Алексей слушал ее голос и почему-то думал, что совсем недавно на карпатских лугах он видел другие ромашки, забрызганные кровью, черные от пороховой гари, а Валя этого не знала и, наверное, никогда не узнает. Она просто сидела сейчас, натянув на колени платье, и, как будто войны никогда не было, спрашивала, любит ли он цветы, и, спросив, поднялась, вошла в белый островок лениво разомлевших на солнцепеке ромашек, подобрала платье, опять села.
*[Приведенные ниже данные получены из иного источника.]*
lemma funpow_shift_scale: "(shift ^^ p) (\<lambda>n. c * a n) = (\<lambda>n. c * (shift ^^ p) a n)"
  by (induction p) (auto simp: shift_def)

lemma funpow_shift_diff: "(shift ^^ p) (\<lambda>n. a n - b n) = (\<lambda>n. (shift ^^ p) a n - (shift ^^ p) b n)"
  by (induction p) (auto simp: shift_def)

lemma shift_basis: "shift (basis j) = basis (Suc j)"
  by (rule ext) (auto simp: shift_def basis_def)

lemma funpow_shift_basis: "(shift ^^ p) (basis j) = basis (j + p)"
  by (induction p) (auto simp: shift_basis)

lemma trunc_Suc: "trunc (Suc M) a = (\<lambda>n. trunc M a n + a M * basis M n)"
  by (rule ext) (auto simp: trunc_def basis_def less_Suc_eq)

lemma sum_norm_sq_le_h2_sqnorm: "a \<in> H2 \<Longrightarrow> finite S \<Longrightarrow> (\<Sum>n\<in>S. (cmod (a n))\<^sup>2) \<le> h2_sqnorm a"
  unfolding h2_sqnorm_def H2_def by (rule sum_le_suminf) auto

lemma h2_sqnorm_trunc_tendsto:
  assumes "a \<in> H2" shows "(\<lambda>M. h2_sqnorm (\<lambda>n. a n - trunc M a n)) \<longlonglongrightarrow> 0"
proof -
  let ?x = "\<lambda>n. (cmod (a n))\<^sup>2"
  have x: "summable ?x" using assms by (simp add: H2_def)
  have "h2_sqnorm (\<lambda>n. a n - trunc M a n) = (\<Sum>n. ?x (n + M))" for M
  proof -
    let ?y = "\<lambda>n. if n < M then 0 else ?x n"
    have "summable ?y" by (rule summable_comparison_test'[OF x, of 0]) auto
    then have "suminf ?y = (\<Sum>n. ?y (n + M)) + sum ?y {..<M}"
      by (rule suminf_split_initial_segment)
    moreover have "(\<lambda>n. (cmod (a n - trunc M a n))\<^sup>2) = ?y"
      by (auto simp: trunc_def)
    ultimately show ?thesis by (simp add: h2_sqnorm_def)
  qed
  with suminf_exist_split2[OF x] show ?thesis by simp
qed

lemma tendsto_of_sq_dist_le:
  fixes X :: "nat \<Rightarrow> complex"
  assumes "\<And>N. (cmod (X N - L))\<^sup>2 \<le> c * e N" and "e \<longlonglongrightarrow> 0"
  shows "X \<longlonglongrightarrow> L"
proof -
  have "(\<lambda>N. sqrt (c * e N)) \<longlonglongrightarrow> sqrt (c * 0)" by (intro tendsto_intros assms)
  then have bound_tendsto: "(\<lambda>N. sqrt (c * e N)) \<longlonglongrightarrow> 0" by simp
  have "norm (X N - L) \<le> sqrt (c * e N)" for N
    using assms(1) by (rule real_le_rsqrt)
  then have "(\<lambda>N. X N - L) \<longlonglongrightarrow> 0"
    by (intro Lim_null_comparison[OF _ bound_tendsto]) simp
  then show ?thesis by (simp add: LIM_zero_iff)
qed

lemma cauchy_schwarz_H2:
  assumes x: "x \<in> H2" and y: "y \<in> H2"
  shows "summable (\<lambda>m. cmod (x m * y m))"
    and "(cmod (\<Sum>m. x m * y m))\<^sup>2 \<le> h2_sqnorm x * h2_sqnorm y"
proof -
  have sx: "summable (\<lambda>m. (cmod (x m))\<^sup>2)" and sy: "summable (\<lambda>m. (cmod (y m))\<^sup>2)"
    using x y by (simp_all add: H2_def)
  have "cmod (x m * y m) \<le> (cmod (x m))\<^sup>2 + (cmod (y m))\<^sup>2" for m
  proof -
    have "2 * (cmod (x m) * cmod (y m)) \<le> (cmod (x m))\<^sup>2 + (cmod (y m))\<^sup>2"
      using sum_squares_bound[of "cmod (x m)" "cmod (y m)"] by (simp add: mult.assoc)
    moreover have "0 \<le> cmod (x m) * cmod (y m)" by simp
    ultimately have "cmod (x m) * cmod (y m) \<le> (cmod (x m))\<^sup>2 + (cmod (y m))\<^sup>2" by linarith
    then show ?thesis by (simp add: norm_mult)
  qed
  then show s: "summable (\<lambda>m. cmod (x m * y m))"
    by (intro summable_comparison_test'[OF summable_add[OF sx sy], of 0]) auto
  let ?X = "h2_sqnorm x" and ?Y = "h2_sqnorm y"
  have "(\<Sum>m. cmod (x m * y m)) \<le> sqrt ?X * sqrt ?Y"
  proof (rule suminf_le_const[OF s])
    fix M
    have "(\<Sum>m<M. cmod (x m * y m)) = (\<Sum>m<M. \<bar>cmod (x m)\<bar> * \<bar>cmod (y m)\<bar>)"
      by (simp add: norm_mult)
    also have "\<dots> \<le> L2_set (\<lambda>m. cmod (x m)) {..<M} * L2_set (\<lambda>m. cmod (y m)) {..<M}"
      by (rule L2_set_mult_ineq)
    also have "\<dots> \<le> sqrt ?X * sqrt ?Y"
      unfolding L2_set_def
      by (intro mult_mono real_sqrt_le_mono sum_norm_sq_le_h2_sqnorm x y)
        (auto intro: h2_sqnorm_nonneg[OF x] sum_nonneg)
    finally show "(\<Sum>m<M. cmod (x m * y m)) \<le> sqrt ?X * sqrt ?Y" .
  qed
  then have "cmod (\<Sum>m. x m * y m) \<le> sqrt ?X * sqrt ?Y"
    using summable_norm[OF s] by linarith
  then have "(cmod (\<Sum>m. x m * y m))\<^sup>2 \<le> (sqrt ?X * sqrt ?Y)\<^sup>2"
    by (intro power_mono) auto
  also have "\<dots> = ?X * ?Y"
    using h2_sqnorm_nonneg[OF x] h2_sqnorm_nonneg[OF y] by (simp add: power_mult_distrib)
  finally show "(cmod (\<Sum>m. x m * y m))\<^sup>2 \<le> ?X * ?Y" .
qed

text \<open>Since \<open>nat\<close> truncates negative integers to 0, this covers both branches of \<open>h_ser_def\<close>.\<close>

lemma h_ser_eq: "h_ser V f k = V ((shift ^^ nat (- k)) f) (nat k)"
  by (simp add: h_ser_def)

lemma conv_coeff_trunc: "conv_coeff h (trunc N g) n = (\<Sum>m<N. h (n - int m) * g m)"
  unfolding conv_coeff_def by (subst suminf_finite[of "{..<N}"]) (auto simp: trunc_def)

lemma conv_coeff_basis: "conv_coeff h (basis j) n = h (n - int j)"
  unfolding conv_coeff_def by (subst suminf_finite[of "{j}"]) (auto simp: basis_def)

lemma h_ser_basis_translate_if_sub_symbol_eq:
  "sub_symbol_eq V (basis j) (basis 0) \<Longrightarrow> h_ser V (basis j) k = h_ser V (basis 0) (k - int j)"
  unfolding sub_symbol_eq_def conv_coeff_basis by simp

locale bounded_H2_operator =
  fixes V :: "(nat \<Rightarrow> complex) \<Rightarrow> nat \<Rightarrow> complex" and K :: real
  assumes maps_H2: "a \<in> H2 \<Longrightarrow> V a \<in> H2"
    and add: "a \<in> H2 \<Longrightarrow> b \<in> H2 \<Longrightarrow> V (\<lambda>n. a n + b n) = (\<lambda>n. V a n + V b n)"
    and scale: "a \<in> H2 \<Longrightarrow> V (\<lambda>n. c * a n) = (\<lambda>n. c * V a n)"
    and sqnorm_bound: "a \<in> H2 \<Longrightarrow> h2_sqnorm (V a) \<le> K * h2_sqnorm a"

lemma bounded_H2_operator_if_bounded_op_H2:
  assumes "bounded_op_H2 V" shows "\<exists>K. bounded_H2_operator V K"
proof -
  from assms have maps_H2: "\<And>a. a \<in> H2 \<Longrightarrow> V a \<in> H2"
    and add: "\<And>a b. a \<in> H2 \<Longrightarrow> b \<in> H2 \<Longrightarrow> V (\<lambda>n. a n + b n) = (\<lambda>n. V a n + V b n)"
    and scale: "\<And>a c. a \<in> H2 \<Longrightarrow> V (\<lambda>n. c * a n) = (\<lambda>n. c * V a n)"
    and "\<exists>C. \<forall>a\<in>H2. h2_norm (V a) \<le> C * h2_norm a"
    unfolding bounded_op_H2_def by blast+
  then obtain C where C: "\<And>a. a \<in> H2 \<Longrightarrow> h2_norm (V a) \<le> C * h2_norm a"
    by blast
  have h2_norm: "h2_norm a = sqrt (h2_sqnorm a)" for a
    by (simp add: h2_norm_def h2_sqnorm_def)
  have sqnorm_bound: "h2_sqnorm (V a) \<le> C\<^sup>2 * h2_sqnorm a" if a: "a \<in> H2" for a
  proof -
    have Va: "0 \<le> h2_sqnorm (V a)" by (rule h2_sqnorm_nonneg[OF maps_H2[OF a]])
    have "h2_sqnorm (V a) = (h2_norm (V a))\<^sup>2"
      using Va by (simp add: h2_norm)
    also have "\<dots> \<le> (C * h2_norm a)\<^sup>2"
      by (rule power_mono[OF C[OF a]]) (simp add: h2_norm Va)
    also have "\<dots> = C\<^sup>2 * h2_sqnorm a"
      using h2_sqnorm_nonneg[OF a] by (simp add: h2_norm power_mult_distrib)
    finally show ?thesis .
  qed
  have "bounded_H2_operator V (C\<^sup>2)"
    by (intro bounded_H2_operator.intro maps_H2 add scale sqnorm_bound)
  then show ?thesis by blast
qed

context bounded_H2_operator
begin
Она с серьезным лицом искала что-то перед собой, и он смотрел на ее движения; на кончиках опущенных ресниц лежала тонкая цветочная пыльца.

— Вы не суеверный? — спросила Валя, взглянув строго. — Помните, в Новый год вы сказали о числе тринадцать? Что это была за примета — нечетное число?

— В приметы верил на фронте, — ответил Алексей. — Сам не знаю почему. Теперь — нет.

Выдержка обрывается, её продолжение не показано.